The migration had started from Batala, the industrial town in Gurdaspur district. On 20 February 1986, the terrorists targeted innocent civilians in this town. The situation assumed a communal colour when the supply of essential commodities to the town was stopped, by provoking the people of surrounding villages to lay blockades on all entry points to the city. Nearly thirty shops were damaged or looted and about seven factories were set on fire by the mobs. Curfew was imposed. The administration did succeed in controlling the situation, but the ineffectiveness of the system to protect the innocents got ingrained in the minds of the common man. Faith in the ability of the administration was further eroded when on 24 February, in a daring raid on the armoury of the Government Railway Police at Tarn Taran, terrorists looted sixteen rifles and over 400 cartridges, and escaped.

In Amritsar district, the migration began as a trickle in early 1986, first from the hotbed of terrorism, Fatehabad, and its adjoining villages, and slowly spread to other parts of the district. Suddenly, posters appeared in the villages asking Hindus to leave. In a few cases, prominent Hindus received threat letters. It was a chilling affair. In village after village, the militants would come, usually at midnight, mercilessly slaughter the targeted men and even women and children, fire warning shots in the air, occasionally raise slogans and disappear. They did not even spare the old and the infirm. Our sector scheme under which paramilitary forces were deployed to cover villages with Hindu habitations had not worked. Nor had the liberal grant of arms licences to Hindus or the setting up of village defence committees and thikri pehra, where all able-bodied men and those holding licensed weapons were voluntarily inducted to keep vigil.

It was a well-planned strategy of the ISI to sharpen communal polarization in Punjab.

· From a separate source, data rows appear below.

(* For types $\sigma,\tau\in\mathbb{T}_C$: $\sigma\le\tau$ if and only if for each path $\pi\in\mathbb{P}(\tau)$ there exists a path $\pi'\in\mathbb{P}(\sigma)$ with $\pi'\le\pi$ such that: if $\pi\equiv\alpha$ (resp. $\pi\equiv a$) then $\pi'\equiv\alpha$ (resp. $\pi'\equiv a$); if $\pi\equiv\sigma_2\to\tau_2$ then $\pi'\equiv\sigma_1\to\tau_1$ with $\sigma_2\le\sigma_1$ and $\tau_1\le\tau_2$; if $\pi\equiv c(\tau_1)$ then $\pi'\equiv c(\sigma_1)$ with $\sigma_1\le\tau_1$.
   Context: Types $\mathbb{T}_C\ni\tau ::= a\mid\alpha\mid\omega\mid\tau_1\to\tau_2\mid\tau_1\cap\tau_2\mid c(\tau)$ ($a$ constants, $\alpha$ type variables, $c$ unary constructors). Subtyping $\le$: least preorder with $\sigma\le\omega$; $\omega\le\omega\to\omega$; $\sigma\cap\tau\le\sigma$; $\sigma\cap\tau\le\tau$; $\sigma\le\tau_1,\sigma\le\tau_2\Rightarrow\sigma\le\tau_1\cap\tau_2$; $(\sigma\to\tau_1)\cap(\sigma\to\tau_2)\le\sigma\to\tau_1\cap\tau_2$; $\sigma_2\le\sigma_1,\tau_1\le\tau_2\Rightarrow\sigma_1\to\tau_1\le\sigma_2\to\tau_2$; $\tau_1\le\tau_2\Rightarrow c(\tau_1)\le c(\tau_2)$; $c(\tau_1)\cap c(\tau_2)\le c(\tau_1\cap\tau_2)$. Paths: $\pi ::= a\mid\alpha\mid\sigma\to\pi\mid c(\omega)\mid c(\pi)$. $\mathbb{P}(a)=\{a\}$, $\mathbb{P}(\alpha)=\{\alpha\}$, $\mathbb{P}(\omega)=\emptyset$, $\mathbb{P}(\sigma\to\tau)=\{\sigma\to\pi\mid\pi\in\mathbb{P}(\tau)\}$, $\mathbb{P}(\sigma\cap\tau)=\mathbb{P}(\sigma)\cup\mathbb{P}(\tau)$, $\mathbb{P}(c(\tau))=\{c(\omega)\}$ if $\mathbb{P}(\tau)=\emptyset$, else $\{c(\pi)\mid\pi\in\mathbb{P}(\tau)\}$. $\equiv$ denotes syntactic identity. *)

theory Defs
  imports Main
begin

datatype ('a, 'v, 'c) ty =
    Const 'a
  | TVar 'v
  | Omega
  | Arr "('a, 'v, 'c) ty" "('a, 'v, 'c) ty"
  | Inter "('a, 'v, 'c) ty" "('a, 'v, 'c) ty"
  | Ctor 'c "('a, 'v, 'c) ty"

inductive subty :: "('a, 'v, 'c) ty \<Rightarrow> ('a, 'v, 'c) ty \<Rightarrow> bool" (infix "\<le>\<^sub>T" 50) where
  refl: "s \<le>\<^sub>T s"
| trans: "s \<le>\<^sub>T t \<Longrightarrow> t \<le>\<^sub>T u \<Longrightarrow> s \<le>\<^sub>T u"
| omega_top: "s \<le>\<^sub>T Omega"
| omega_arr: "Omega \<le>\<^sub>T Arr Omega Omega"
| inter_l: "Inter s t \<le>\<^sub>T s"
| inter_r: "Inter s t \<le>\<^sub>T t"
| inter_glb: "s \<le>\<^sub>T t1 \<Longrightarrow> s \<le>\<^sub>T t2 \<Longrightarrow> s \<le>\<^sub>T Inter t1 t2"
| arr_inter: "Inter (Arr s t1) (Arr s t2) \<le>\<^sub>T Arr s (Inter t1 t2)"
| arr_sub: "s2 \<le>\<^sub>T s1 \<Longrightarrow> t1 \<le>\<^sub>T t2 \<Longrightarrow> Arr s1 t1 \<le>\<^sub>T Arr s2 t2"
| ctor_mono: "t1 \<le>\<^sub>T t2 \<Longrightarrow> Ctor c t1 \<le>\<^sub>T Ctor c t2"
| ctor_inter: "Inter (Ctor c t1) (Ctor c t2) \<le>\<^sub>T Ctor c (Inter t1 t2)"

fun paths :: "('a, 'v, 'c) ty \<Rightarrow> ('a, 'v, 'c) ty set" where
  "paths (Const a) = {Const a}"
| "paths (TVar v) = {TVar v}"
| "paths Omega = {}"
| "paths (Arr s t) = Arr s ` paths t"
| "paths (Inter s t) = paths s \<union> paths t"
| "paths (Ctor c t) = (if paths t = {} then {Ctor c Omega} else Ctor c ` paths t)"

end

theory Submission
  imports Defs
begin

text \<open>Soundness: the path condition of the theorem, read as a relation between types, is a
preorder that is closed under every subtyping rule, so it follows by rule induction.
Completeness: each type lies below each of its paths, and it is the meet of its paths, in the
sense that any upward-closed set of types containing \<open>Omega\<close> and closed under \<open>Inter\<close>
contains a type as soon as it contains all of its paths; apply this to the types above \<open>\<sigma>\<close>.\<close>

definition refines_path :: "('a, 'v, 'c) ty \<Rightarrow> ('a, 'v, 'c) ty \<Rightarrow> bool" where
  "refines_path \<pi>' \<pi> \<longleftrightarrow> \<pi>' \<le>\<^sub>T \<pi> \<and>
       (\<forall>v. \<pi> = TVar v \<longrightarrow> \<pi>' = TVar v) \<and>
       (\<forall>a. \<pi> = Const a \<longrightarrow> \<pi>' = Const a) \<and>
       (\<forall>\<sigma>2 \<tau>2. \<pi> = Arr \<sigma>2 \<tau>2 \<longrightarrow>
          (\<exists>\<sigma>1 \<tau>1. \<pi>' = Arr \<sigma>1 \<tau>1 \<and> \<sigma>2 \<le>\<^sub>T \<sigma>1 \<and> \<tau>1 \<le>\<^sub>T \<tau>2)) \<and>
       (\<forall>c \<tau>1. \<pi> = Ctor c \<tau>1 \<longrightarrow>
          (\<exists>\<sigma>1. \<pi>' = Ctor c \<sigma>1 \<and> \<sigma>1 \<le>\<^sub>T \<tau>1))"

definition paths_refine :: "('a, 'v, 'c) ty \<Rightarrow> ('a, 'v, 'c) ty \<Rightarrow> bool" where
  "paths_refine \<sigma> \<tau> \<longleftrightarrow> (\<forall>\<pi>\<in>paths \<tau>. \<exists>\<pi>'\<in>paths \<sigma>. refines_path \<pi>' \<pi>)"

lemma refines_path_refl: "refines_path \<pi> \<pi>"
  unfolding refines_path_def by (auto intro: subty.refl)

lemma refines_path_trans:
  assumes "refines_path \<pi>1 \<pi>2" and "refines_path \<pi>2 \<pi>3"
  shows "refines_path \<pi>1 \<pi>3"
  using assms unfolding refines_path_def by (fastforce intro: subty.trans)

lemma paths_refine_subset: "paths \<tau> \<subseteq> paths \<sigma> \<Longrightarrow> paths_refine \<sigma> \<tau>"
  unfolding paths_refine_def using refines_path_refl by blast

lemma paths_refine_trans: "paths_refine \<sigma> \<tau> \<Longrightarrow> paths_refine \<tau> \<rho> \<Longrightarrow> paths_refine \<sigma> \<rho>"
  unfolding paths_refine_def by (meson refines_path_trans)

lemma paths_refine_Arr:
  assumes "\<sigma>2 \<le>\<^sub>T \<sigma>1" and "paths_refine \<tau>1 \<tau>2"
  shows "paths_refine (Arr \<sigma>1 \<tau>1) (Arr \<sigma>2 \<tau>2)"
  unfolding paths_refine_def
proof
  fix \<pi> assume "\<pi> \<in> paths (Arr \<sigma>2 \<tau>2)"
  then obtain \<rho> where \<rho>: "\<rho> \<in> paths \<tau>2" "\<pi> = Arr \<sigma>2 \<rho>" by auto
  with assms(2) obtain \<rho>' where \<rho>': "\<rho>' \<in> paths \<tau>1" "refines_path \<rho>' \<rho>"
    unfolding paths_refine_def by blast
  have "refines_path (Arr \<sigma>1 \<rho>') \<pi>"
    using \<rho> \<rho>' assms(1) unfolding refines_path_def by (auto intro: subty.arr_sub)
  with \<rho>' show "\<exists>\<pi>'\<in>paths (Arr \<sigma>1 \<tau>1). refines_path \<pi>' \<pi>" by auto
qed

lemma paths_refine_Ctor:
  assumes "paths_refine \<sigma> \<tau>"
  shows "paths_refine (Ctor c \<sigma>) (Ctor c \<tau>)"
  unfolding paths_refine_def
proof
  fix \<pi> assume \<pi>: "\<pi> \<in> paths (Ctor c \<tau>)"
  show "\<exists>\<pi>'\<in>paths (Ctor c \<sigma>). refines_path \<pi>' \<pi>"
  proof (cases "paths \<tau> = {}")
    case True
    then have "\<pi> = Ctor c Omega" using \<pi> by simp
    moreover obtain \<rho> where "Ctor c \<rho> \<in> paths (Ctor c \<sigma>)"
      by (cases "paths \<sigma> = {}") auto
    ultimately show ?thesis unfolding refines_path_def
      by (auto intro: subty.omega_top subty.ctor_mono)
  next
    case False
    then obtain \<rho> where \<rho>: "\<rho> \<in> paths \<tau>" "\<pi> = Ctor c \<rho>" using \<pi> by auto
    with assms obtain \<rho>' where \<rho>': "\<rho>' \<in> paths \<sigma>" "refines_path \<rho>' \<rho>"
      unfolding paths_refine_def by blast
    then have "Ctor c \<rho>' \<in> paths (Ctor c \<sigma>)" by auto
    moreover have "refines_path (Ctor c \<rho>') \<pi>"
      using \<rho> \<rho>' unfolding refines_path_def by (auto intro: subty.ctor_mono)
    ultimately show ?thesis by blast
  qed
qed

lemma subty_paths_refine: "\<sigma> \<le>\<^sub>T \<tau> \<Longrightarrow> paths_refine \<sigma> \<tau>"
proof (induction rule: subty.induct)
  case (trans s t u)
  from trans.IH show ?case by (rule paths_refine_trans)
next
  case (inter_glb s t1 t2)
  then show ?case by (auto simp: paths_refine_def)
next
  case (arr_sub s2 s1 t1 t2)
  from arr_sub.hyps(1) arr_sub.IH(2) show ?case by (rule paths_refine_Arr)
next
  case (ctor_mono t1 t2 c)
  from ctor_mono.IH show ?case by (rule paths_refine_Ctor)
next
  case (arr_inter s t1 t2)
  show ?case by (rule paths_refine_subset) (simp add: image_Un)
next
  case (ctor_inter c t1 t2)
  show ?case by (rule paths_refine_subset) auto
qed (auto simp: paths_refine_def intro: refines_path_refl)

lemma subty_path: "\<pi> \<in> paths \<tau> \<Longrightarrow> \<tau> \<le>\<^sub>T \<pi>"
proof (induction \<tau> arbitrary: \<pi>)
  case (Arr s t)
  then show ?case by (auto intro: subty.arr_sub subty.refl)
next
  case (Inter s t)
  then show ?case by (auto intro: subty.trans subty.inter_l subty.inter_r)
next
  case (Ctor c t)
  then show ?case by (auto split: if_splits intro: subty.ctor_mono subty.omega_top)
qed (auto intro: subty.refl)

lemma filter_mem_if_paths_mem:
  assumes up: "\<And>x y. P x \<Longrightarrow> x \<le>\<^sub>T y \<Longrightarrow> P y"
    and inter: "\<And>x y. P x \<Longrightarrow> P y \<Longrightarrow> P (Inter x y)"
    and omega: "P Omega"
    and paths_mem: "\<forall>\<pi>\<in>paths \<tau>. P \<pi>"
  shows "P \<tau>"
  using up inter omega paths_mem
proof (induction \<tau> arbitrary: P)
  case (Arr s t)
  let ?P = "\<lambda>r. P (Arr s r)"
  show ?case
  proof (rule Arr.IH(2)[of ?P])
    show "\<And>x y. ?P x \<Longrightarrow> x \<le>\<^sub>T y \<Longrightarrow> ?P y"
      using Arr.prems(1)[OF _ subty.arr_sub[OF subty.refl]] by blast
    show "\<And>x y. ?P x \<Longrightarrow> ?P y \<Longrightarrow> ?P (Inter x y)"
      using Arr.prems(1)[OF Arr.prems(2) subty.arr_inter] by blast
    have "Omega \<le>\<^sub>T Arr s Omega"
      by (rule subty.trans[OF subty.omega_arr subty.arr_sub[OF subty.omega_top subty.refl]])
    then show "?P Omega" using Arr.prems(1,3) by blast
    show "\<forall>\<pi>\<in>paths t. ?P \<pi>" using Arr.prems(4) by auto
  qed
next
  case (Inter s t)
  have "P s" using Inter.prems by (intro Inter.IH(1)[of P]) auto
  moreover have "P t" using Inter.prems by (intro Inter.IH(2)[of P]) auto
  ultimately show ?case by (rule Inter.prems(2))
next
  case (Ctor c t)
  let ?P = "\<lambda>r. P (Ctor c r)"
  show ?case
  proof (rule Ctor.IH[of ?P])
    show "\<And>x y. ?P x \<Longrightarrow> x \<le>\<^sub>T y \<Longrightarrow> ?P y"
      using Ctor.prems(1)[OF _ subty.ctor_mono] by blast
    show "\<And>x y. ?P x \<Longrightarrow> ?P y \<Longrightarrow> ?P (Inter x y)"
      using Ctor.prems(1)[OF Ctor.prems(2) subty.ctor_inter] by blast
    show "?P Omega"
    proof (cases "paths t = {}")
      case True
      then show ?thesis using Ctor.prems(4) by simp
    next
      case False
      then obtain \<rho> where "\<rho> \<in> paths t" by auto
      with False Ctor.prems(4) have "P (Ctor c \<rho>)" by auto
      then show ?thesis using Ctor.prems(1)[OF _ subty.ctor_mono[OF subty.omega_top]] by blast
    qed
    show "\<forall>\<pi>\<in>paths t. ?P \<pi>" using Ctor.prems(4) by (auto split: if_splits)
  qed
qed auto

lemma paths_refine_subty:
  assumes "paths_refine \<sigma> \<tau>"
  shows "\<sigma> \<le>\<^sub>T \<tau>"
proof (rule filter_mem_if_paths_mem[where P = "\<lambda>r. \<sigma> \<le>\<^sub>T r"])
  show "\<forall>\<pi>\<in>paths \<tau>. \<sigma> \<le>\<^sub>T \<pi>"
    using assms unfolding paths_refine_def refines_path_def by (meson subty_path subty.trans)
qed (blast intro: subty.trans subty.inter_glb subty.omega_top)+

theorem lemma4p10:
  fixes \<sigma> \<tau> :: "('a, 'v, 'c) ty"
  shows "\<sigma> \<le>\<^sub>T \<tau> \<longleftrightarrow>
    (\<forall>\<pi> \<in> paths \<tau>. \<exists>\<pi>' \<in> paths \<sigma>. \<pi>' \<le>\<^sub>T \<pi> \<and>
       (\<forall>v. \<pi> = TVar v \<longrightarrow> \<pi>' = TVar v) \<and>
       (\<forall>a. \<pi> = Const a \<longrightarrow> \<pi>' = Const a) \<and>
       (\<forall>\<sigma>2 \<tau>2. \<pi> = Arr \<sigma>2 \<tau>2 \<longrightarrow>
          (\<exists>\<sigma>1 \<tau>1. \<pi>' = Arr \<sigma>1 \<tau>1 \<and> \<sigma>2 \<le>\<^sub>T \<sigma>1 \<and> \<tau>1 \<le>\<^sub>T \<tau>2)) \<and>
       (\<forall>c \<tau>1. \<pi> = Ctor c \<tau>1 \<longrightarrow>
          (\<exists>\<sigma>1. \<pi>' = Ctor c \<sigma>1 \<and> \<sigma>1 \<le>\<^sub>T \<tau>1)))"
  using subty_paths_refine[of \<sigma> \<tau>] paths_refine_subty[of \<sigma> \<tau>]
  unfolding paths_refine_def refines_path_def by (rule iffI)

end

Pakistan-sponsored agents had started working on it in the early 1980s by planting cigarettes in gurdwaras and severed parts of cows in temples, but at that time, passions were modulated by saner elements in both the communities.

However, 1984 provided militants with the opportunity to trigger an exodus from Punjab, when victims of the anti-Sikh violence, after the assassination of Indira Gandhi, started converging from all over India to Punjab. By the second week of November 1984, some 50,000 of them had reached the state. Over 1,814 of them arrived in Amritsar in the first few days of November, hoping for help from the SGPC. They narrated horrendous stories of killings and that added to the prevailing social tension in the city.